EXERCISE: Restrict the output to the lines below starting at the one that contains "define z where" and ending at the one that contains "c by (intro divide_right_mono mult_right_mono) auto", and restate them word for word, both ends included.

Source records
+--
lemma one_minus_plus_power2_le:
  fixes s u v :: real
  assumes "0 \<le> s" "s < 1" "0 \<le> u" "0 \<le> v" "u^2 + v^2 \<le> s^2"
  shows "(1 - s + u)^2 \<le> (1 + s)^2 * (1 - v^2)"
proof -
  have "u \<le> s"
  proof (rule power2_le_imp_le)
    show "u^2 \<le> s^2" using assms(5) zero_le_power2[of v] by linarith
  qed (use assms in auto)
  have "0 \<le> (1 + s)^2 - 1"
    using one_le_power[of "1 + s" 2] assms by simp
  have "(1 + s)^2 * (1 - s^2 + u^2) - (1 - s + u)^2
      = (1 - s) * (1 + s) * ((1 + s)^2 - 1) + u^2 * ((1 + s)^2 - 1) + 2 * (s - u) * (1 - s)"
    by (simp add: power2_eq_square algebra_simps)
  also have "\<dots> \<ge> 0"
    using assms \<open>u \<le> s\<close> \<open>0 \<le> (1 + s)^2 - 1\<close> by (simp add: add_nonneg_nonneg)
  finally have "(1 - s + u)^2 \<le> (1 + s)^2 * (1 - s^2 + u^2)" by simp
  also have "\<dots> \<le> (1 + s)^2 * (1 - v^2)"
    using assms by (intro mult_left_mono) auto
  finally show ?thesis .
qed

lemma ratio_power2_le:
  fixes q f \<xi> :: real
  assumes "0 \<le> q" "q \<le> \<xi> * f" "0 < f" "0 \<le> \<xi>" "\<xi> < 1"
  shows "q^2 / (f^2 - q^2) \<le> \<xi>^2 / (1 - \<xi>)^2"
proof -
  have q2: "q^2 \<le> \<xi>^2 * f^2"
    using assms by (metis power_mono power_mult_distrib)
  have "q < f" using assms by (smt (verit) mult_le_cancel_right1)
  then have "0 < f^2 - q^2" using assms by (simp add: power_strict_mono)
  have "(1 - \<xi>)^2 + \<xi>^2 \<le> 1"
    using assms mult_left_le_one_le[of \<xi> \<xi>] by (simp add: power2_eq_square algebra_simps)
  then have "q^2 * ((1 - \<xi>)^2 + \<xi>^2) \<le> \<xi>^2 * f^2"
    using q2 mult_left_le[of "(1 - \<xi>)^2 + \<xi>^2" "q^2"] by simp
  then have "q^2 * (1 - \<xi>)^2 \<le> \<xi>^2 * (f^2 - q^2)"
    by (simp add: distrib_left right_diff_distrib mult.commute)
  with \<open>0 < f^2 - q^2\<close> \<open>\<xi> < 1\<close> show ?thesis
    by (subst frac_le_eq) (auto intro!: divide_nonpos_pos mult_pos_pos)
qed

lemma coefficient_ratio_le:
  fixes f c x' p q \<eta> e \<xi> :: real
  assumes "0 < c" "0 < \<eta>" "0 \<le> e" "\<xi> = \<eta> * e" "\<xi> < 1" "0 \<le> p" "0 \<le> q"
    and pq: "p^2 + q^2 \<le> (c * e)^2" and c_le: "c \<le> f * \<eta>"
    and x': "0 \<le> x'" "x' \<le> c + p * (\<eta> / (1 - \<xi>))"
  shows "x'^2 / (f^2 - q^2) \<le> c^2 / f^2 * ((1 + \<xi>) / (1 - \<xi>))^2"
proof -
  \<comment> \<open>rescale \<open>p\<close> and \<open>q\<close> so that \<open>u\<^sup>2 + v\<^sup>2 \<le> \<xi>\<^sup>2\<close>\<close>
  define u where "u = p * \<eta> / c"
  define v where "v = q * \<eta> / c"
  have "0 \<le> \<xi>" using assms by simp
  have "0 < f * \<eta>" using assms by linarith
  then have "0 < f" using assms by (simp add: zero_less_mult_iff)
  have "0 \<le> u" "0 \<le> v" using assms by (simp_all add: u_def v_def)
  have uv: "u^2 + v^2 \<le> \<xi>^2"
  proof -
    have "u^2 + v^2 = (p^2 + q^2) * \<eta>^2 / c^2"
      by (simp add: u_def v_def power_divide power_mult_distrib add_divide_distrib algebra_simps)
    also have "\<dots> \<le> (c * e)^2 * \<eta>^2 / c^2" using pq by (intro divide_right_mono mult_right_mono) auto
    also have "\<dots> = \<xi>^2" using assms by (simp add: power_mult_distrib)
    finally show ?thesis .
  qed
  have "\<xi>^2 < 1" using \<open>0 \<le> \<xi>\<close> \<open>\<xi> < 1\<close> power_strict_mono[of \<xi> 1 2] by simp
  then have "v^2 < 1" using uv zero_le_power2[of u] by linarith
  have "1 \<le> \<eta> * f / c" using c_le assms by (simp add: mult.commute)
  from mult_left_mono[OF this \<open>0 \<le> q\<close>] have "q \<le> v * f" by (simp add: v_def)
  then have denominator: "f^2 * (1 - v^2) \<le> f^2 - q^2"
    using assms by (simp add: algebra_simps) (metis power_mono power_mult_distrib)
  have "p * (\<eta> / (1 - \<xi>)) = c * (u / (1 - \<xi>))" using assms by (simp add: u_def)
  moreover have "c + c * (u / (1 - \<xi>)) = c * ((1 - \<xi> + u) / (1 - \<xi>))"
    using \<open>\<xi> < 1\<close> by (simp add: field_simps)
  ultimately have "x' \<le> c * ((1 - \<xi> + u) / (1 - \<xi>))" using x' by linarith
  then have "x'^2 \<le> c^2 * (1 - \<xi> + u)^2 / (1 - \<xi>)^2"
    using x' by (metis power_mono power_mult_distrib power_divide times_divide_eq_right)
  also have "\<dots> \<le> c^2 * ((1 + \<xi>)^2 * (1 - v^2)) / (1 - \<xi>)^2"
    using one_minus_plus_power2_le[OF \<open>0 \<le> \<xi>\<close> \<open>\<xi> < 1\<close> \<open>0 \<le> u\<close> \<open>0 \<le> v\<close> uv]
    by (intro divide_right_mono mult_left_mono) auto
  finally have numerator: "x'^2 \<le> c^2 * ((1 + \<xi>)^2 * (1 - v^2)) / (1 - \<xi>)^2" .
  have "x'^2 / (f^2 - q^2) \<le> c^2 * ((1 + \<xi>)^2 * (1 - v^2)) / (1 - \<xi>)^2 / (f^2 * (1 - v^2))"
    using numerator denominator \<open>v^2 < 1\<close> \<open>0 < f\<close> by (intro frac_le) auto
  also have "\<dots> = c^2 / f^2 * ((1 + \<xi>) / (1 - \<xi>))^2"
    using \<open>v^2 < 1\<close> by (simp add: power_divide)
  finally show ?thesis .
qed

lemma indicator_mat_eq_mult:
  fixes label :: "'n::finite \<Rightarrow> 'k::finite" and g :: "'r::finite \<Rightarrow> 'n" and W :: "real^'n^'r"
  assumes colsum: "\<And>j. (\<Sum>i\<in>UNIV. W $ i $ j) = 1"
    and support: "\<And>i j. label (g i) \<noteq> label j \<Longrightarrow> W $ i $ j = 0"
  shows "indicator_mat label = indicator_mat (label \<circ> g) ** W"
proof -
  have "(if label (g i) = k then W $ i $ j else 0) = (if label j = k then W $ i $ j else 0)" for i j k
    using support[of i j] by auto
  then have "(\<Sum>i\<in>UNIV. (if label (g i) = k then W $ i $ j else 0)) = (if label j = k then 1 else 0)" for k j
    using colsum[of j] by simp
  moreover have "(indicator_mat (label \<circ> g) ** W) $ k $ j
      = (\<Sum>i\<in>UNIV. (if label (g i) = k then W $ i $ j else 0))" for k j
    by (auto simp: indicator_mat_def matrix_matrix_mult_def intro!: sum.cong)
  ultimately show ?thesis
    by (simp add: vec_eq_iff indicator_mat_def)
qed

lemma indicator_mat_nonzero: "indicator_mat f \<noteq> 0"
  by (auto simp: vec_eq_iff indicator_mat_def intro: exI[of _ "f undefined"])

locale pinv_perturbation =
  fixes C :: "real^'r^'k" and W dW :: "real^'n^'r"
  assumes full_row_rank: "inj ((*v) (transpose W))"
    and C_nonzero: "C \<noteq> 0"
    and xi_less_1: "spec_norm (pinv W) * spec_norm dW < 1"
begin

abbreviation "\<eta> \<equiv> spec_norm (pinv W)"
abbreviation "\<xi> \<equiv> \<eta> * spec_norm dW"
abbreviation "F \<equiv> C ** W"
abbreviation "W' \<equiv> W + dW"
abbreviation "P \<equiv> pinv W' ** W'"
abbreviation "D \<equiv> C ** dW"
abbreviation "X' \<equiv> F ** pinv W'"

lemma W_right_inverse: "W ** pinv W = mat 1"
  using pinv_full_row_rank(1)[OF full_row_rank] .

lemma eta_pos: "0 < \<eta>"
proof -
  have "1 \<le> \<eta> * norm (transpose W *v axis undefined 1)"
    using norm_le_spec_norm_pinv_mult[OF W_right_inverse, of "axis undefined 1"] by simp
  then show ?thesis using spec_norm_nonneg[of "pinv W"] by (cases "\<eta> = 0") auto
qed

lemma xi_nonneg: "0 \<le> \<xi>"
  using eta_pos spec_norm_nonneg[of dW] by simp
+--
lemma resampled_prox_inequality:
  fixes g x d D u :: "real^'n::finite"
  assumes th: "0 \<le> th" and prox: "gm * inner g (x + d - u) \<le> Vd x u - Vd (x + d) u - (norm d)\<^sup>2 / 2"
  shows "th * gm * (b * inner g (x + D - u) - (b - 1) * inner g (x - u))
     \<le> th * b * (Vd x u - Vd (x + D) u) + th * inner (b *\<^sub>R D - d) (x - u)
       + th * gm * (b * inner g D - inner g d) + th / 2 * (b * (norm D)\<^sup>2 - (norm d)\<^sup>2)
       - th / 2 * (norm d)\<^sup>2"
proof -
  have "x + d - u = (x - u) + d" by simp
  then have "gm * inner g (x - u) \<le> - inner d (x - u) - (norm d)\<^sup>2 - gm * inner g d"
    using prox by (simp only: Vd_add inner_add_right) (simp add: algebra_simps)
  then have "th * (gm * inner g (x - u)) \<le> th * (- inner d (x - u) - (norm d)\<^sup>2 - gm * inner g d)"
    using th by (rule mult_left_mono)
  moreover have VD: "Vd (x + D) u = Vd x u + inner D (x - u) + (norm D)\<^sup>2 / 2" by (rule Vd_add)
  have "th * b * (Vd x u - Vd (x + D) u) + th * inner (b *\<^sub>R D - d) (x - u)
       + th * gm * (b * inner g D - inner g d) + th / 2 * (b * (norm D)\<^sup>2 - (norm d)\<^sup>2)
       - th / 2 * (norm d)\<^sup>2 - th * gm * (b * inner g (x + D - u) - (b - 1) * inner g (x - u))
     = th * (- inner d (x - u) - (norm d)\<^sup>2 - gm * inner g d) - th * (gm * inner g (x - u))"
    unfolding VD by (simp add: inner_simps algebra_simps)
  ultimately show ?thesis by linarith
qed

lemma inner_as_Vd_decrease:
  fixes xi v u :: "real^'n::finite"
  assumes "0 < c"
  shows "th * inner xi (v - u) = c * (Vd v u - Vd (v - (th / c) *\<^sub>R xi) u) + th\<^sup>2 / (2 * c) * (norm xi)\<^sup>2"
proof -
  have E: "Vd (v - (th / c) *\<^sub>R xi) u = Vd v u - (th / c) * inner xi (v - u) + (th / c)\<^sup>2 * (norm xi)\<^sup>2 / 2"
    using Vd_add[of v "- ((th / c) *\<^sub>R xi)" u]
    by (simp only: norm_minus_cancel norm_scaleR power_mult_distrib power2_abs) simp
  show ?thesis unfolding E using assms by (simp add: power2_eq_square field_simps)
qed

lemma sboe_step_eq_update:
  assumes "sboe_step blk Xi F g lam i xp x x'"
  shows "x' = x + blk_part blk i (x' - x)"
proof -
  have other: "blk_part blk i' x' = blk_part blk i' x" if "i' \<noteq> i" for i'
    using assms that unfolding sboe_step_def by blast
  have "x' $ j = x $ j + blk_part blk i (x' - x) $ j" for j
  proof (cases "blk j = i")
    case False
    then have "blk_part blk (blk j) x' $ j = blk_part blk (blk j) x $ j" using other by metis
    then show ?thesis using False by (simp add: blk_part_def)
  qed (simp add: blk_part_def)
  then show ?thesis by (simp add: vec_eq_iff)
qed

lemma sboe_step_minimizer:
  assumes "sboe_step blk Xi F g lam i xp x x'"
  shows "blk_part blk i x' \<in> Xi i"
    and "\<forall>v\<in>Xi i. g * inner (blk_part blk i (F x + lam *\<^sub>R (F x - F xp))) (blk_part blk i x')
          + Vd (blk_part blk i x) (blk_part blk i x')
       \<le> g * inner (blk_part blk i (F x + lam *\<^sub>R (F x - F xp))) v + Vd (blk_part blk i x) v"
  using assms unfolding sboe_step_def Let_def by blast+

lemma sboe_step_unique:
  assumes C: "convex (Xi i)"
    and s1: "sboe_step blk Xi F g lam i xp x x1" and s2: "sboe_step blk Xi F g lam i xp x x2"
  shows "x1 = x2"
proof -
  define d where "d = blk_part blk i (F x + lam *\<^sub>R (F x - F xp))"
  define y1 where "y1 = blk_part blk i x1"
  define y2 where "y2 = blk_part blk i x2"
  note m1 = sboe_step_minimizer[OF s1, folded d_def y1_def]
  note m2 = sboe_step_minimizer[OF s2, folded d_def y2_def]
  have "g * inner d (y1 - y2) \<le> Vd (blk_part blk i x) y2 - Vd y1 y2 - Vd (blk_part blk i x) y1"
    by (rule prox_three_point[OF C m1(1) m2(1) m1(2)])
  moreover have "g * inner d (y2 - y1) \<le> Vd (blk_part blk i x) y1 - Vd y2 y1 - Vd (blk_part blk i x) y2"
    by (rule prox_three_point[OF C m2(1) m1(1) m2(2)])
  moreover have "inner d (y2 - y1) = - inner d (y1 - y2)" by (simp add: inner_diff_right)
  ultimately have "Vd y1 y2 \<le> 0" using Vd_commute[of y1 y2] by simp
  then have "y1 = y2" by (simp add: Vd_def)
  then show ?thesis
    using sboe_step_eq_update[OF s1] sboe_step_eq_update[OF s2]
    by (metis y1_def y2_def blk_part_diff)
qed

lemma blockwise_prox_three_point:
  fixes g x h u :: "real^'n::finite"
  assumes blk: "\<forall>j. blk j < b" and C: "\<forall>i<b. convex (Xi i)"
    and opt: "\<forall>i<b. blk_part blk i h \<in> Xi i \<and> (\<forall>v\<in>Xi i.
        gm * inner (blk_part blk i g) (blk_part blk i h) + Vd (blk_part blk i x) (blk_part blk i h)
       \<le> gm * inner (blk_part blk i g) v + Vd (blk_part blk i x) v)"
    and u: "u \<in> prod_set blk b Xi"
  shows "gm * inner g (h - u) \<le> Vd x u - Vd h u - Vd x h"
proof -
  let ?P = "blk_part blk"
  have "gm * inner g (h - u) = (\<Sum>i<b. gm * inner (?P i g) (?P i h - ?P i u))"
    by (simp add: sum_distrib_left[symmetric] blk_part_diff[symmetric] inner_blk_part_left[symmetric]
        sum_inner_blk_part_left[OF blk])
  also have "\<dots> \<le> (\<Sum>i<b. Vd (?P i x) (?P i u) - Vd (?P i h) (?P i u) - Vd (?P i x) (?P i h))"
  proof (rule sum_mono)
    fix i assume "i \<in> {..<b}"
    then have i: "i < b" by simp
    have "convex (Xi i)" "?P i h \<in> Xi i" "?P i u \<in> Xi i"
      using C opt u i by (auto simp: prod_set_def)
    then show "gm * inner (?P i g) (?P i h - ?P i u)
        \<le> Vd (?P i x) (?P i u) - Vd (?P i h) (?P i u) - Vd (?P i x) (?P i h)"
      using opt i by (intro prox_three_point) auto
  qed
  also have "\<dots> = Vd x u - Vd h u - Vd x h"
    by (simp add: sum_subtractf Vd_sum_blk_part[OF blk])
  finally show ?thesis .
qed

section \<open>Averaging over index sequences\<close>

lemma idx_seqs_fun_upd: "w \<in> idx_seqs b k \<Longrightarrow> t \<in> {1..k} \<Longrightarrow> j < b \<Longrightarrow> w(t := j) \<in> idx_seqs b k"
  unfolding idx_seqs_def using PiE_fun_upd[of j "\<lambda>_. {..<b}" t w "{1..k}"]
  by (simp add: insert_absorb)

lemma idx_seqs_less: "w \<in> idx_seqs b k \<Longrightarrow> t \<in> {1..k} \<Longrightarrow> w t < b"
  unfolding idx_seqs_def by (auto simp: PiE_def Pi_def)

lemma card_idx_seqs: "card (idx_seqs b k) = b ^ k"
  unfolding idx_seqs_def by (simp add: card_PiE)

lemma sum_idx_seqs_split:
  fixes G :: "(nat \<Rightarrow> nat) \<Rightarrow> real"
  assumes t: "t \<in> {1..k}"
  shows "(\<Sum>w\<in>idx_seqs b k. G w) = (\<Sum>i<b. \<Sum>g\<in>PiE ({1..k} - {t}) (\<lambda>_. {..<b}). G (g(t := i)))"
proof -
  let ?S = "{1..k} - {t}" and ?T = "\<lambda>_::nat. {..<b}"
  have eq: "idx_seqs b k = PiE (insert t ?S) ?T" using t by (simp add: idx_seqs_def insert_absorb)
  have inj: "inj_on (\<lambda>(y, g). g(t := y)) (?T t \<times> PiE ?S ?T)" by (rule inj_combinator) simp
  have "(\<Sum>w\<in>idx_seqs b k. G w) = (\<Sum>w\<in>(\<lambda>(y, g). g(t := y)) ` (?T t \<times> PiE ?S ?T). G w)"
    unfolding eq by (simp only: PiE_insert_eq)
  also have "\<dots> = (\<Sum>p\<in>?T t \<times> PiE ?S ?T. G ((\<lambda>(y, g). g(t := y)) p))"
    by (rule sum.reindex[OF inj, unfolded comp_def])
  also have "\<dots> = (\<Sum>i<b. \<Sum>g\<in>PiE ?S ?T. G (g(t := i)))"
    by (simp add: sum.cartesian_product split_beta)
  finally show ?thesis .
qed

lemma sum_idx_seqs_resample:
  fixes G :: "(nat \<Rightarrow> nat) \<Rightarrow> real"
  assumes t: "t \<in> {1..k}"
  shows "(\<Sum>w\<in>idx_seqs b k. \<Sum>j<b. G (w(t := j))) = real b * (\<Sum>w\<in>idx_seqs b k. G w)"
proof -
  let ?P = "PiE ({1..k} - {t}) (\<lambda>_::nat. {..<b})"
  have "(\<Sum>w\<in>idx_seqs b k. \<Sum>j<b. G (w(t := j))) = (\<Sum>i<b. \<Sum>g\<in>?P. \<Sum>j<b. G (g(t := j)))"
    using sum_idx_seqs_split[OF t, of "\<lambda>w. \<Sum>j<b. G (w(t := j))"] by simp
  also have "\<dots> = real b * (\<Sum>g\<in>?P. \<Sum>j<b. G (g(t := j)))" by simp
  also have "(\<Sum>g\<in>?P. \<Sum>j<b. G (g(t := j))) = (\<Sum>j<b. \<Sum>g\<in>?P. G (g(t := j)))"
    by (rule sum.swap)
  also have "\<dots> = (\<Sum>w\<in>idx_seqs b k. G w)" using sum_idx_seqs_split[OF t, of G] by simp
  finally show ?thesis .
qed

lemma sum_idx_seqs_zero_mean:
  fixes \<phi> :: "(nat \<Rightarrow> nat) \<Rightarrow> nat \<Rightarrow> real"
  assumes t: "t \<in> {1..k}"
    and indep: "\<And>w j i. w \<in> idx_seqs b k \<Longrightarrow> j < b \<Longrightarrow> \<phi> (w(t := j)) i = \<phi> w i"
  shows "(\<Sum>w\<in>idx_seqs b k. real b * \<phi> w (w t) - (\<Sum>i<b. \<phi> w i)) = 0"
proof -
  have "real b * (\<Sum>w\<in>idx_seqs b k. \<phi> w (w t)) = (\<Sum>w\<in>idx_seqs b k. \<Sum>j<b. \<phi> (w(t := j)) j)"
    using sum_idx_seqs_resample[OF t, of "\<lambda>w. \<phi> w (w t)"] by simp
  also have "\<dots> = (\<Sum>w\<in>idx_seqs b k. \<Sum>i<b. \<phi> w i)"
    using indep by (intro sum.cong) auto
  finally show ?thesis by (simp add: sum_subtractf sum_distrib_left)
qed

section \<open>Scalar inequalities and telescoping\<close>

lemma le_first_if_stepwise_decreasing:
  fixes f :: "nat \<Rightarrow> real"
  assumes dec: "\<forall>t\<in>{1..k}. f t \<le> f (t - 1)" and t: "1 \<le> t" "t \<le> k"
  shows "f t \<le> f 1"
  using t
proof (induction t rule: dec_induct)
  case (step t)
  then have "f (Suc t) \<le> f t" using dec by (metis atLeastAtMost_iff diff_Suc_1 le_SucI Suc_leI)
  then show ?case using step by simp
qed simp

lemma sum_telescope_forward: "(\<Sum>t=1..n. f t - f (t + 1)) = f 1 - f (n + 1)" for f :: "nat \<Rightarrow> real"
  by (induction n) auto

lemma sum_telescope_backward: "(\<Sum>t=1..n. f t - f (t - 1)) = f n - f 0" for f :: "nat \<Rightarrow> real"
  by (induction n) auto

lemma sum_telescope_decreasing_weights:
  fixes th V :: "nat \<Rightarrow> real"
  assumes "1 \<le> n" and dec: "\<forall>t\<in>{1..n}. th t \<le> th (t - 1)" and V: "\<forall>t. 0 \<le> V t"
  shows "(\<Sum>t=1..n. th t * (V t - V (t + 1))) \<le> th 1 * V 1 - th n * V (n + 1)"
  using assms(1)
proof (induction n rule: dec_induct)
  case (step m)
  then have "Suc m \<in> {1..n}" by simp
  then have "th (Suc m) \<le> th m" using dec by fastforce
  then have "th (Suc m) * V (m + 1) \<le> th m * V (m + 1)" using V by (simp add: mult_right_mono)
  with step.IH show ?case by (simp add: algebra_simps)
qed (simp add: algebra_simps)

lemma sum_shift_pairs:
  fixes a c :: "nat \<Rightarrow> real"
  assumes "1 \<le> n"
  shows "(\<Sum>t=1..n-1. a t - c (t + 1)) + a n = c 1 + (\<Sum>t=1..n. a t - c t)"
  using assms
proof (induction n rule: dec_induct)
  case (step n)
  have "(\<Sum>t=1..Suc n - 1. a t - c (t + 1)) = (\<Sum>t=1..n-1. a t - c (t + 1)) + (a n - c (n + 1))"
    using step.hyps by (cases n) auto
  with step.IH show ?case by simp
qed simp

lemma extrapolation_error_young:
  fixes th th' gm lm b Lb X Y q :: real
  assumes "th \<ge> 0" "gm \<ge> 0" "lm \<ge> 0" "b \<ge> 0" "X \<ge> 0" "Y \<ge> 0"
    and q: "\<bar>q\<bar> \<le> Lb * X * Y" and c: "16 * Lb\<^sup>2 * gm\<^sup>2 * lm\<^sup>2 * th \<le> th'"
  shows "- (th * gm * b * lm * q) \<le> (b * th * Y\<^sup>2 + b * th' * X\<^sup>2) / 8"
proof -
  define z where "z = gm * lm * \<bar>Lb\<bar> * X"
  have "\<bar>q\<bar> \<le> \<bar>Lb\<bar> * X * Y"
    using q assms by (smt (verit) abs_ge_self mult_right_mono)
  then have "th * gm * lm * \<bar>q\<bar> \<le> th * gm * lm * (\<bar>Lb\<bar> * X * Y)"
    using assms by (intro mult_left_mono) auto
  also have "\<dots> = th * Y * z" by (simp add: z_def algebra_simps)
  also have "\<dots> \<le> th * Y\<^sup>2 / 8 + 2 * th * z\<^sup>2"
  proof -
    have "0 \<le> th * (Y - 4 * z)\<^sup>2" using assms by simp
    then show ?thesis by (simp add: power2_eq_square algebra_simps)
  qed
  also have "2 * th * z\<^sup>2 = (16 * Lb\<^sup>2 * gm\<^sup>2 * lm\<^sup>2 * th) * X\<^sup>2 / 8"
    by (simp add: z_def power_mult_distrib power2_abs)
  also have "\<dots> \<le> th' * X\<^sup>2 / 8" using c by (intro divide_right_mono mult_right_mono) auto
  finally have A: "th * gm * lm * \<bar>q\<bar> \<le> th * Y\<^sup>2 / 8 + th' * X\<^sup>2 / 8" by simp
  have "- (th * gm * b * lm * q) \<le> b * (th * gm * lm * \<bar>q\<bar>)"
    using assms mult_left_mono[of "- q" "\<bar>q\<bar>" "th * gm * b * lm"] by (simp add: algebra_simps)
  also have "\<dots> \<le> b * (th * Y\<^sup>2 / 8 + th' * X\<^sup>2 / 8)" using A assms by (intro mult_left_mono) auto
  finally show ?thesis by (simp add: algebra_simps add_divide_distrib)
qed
+--
SOLUTION TO THIS EXERCISE:
  define z where "z = gm * lm * \<bar>Lb\<bar> * X"
  have "\<bar>q\<bar> \<le> \<bar>Lb\<bar> * X * Y"
    using q assms by (smt (verit) abs_ge_self mult_right_mono)
  then have "th * gm * lm * \<bar>q\<bar> \<le> th * gm * lm * (\<bar>Lb\<bar> * X * Y)"
    using assms by (intro mult_left_mono) auto
  also have "\<dots> = th * Y * z" by (simp add: z_def algebra_simps)
  also have "\<dots> \<le> th * Y\<^sup>2 / 8 + 2 * th * z\<^sup>2"
  proof -
    have "0 \<le> th * (Y - 4 * z)\<^sup>2" using assms by simp
    then show ?thesis by (simp add: power2_eq_square algebra_simps)
  qed
  also have "2 * th * z\<^sup>2 = (16 * Lb\<^sup>2 * gm\<^sup>2 * lm\<^sup>2 * th) * X\<^sup>2 / 8"
    by (simp add: z_def power_mult_distrib power2_abs)
  also have "\<dots> \<le> th' * X\<^sup>2 / 8" using c by (intro divide_right_mono mult_right_mono) auto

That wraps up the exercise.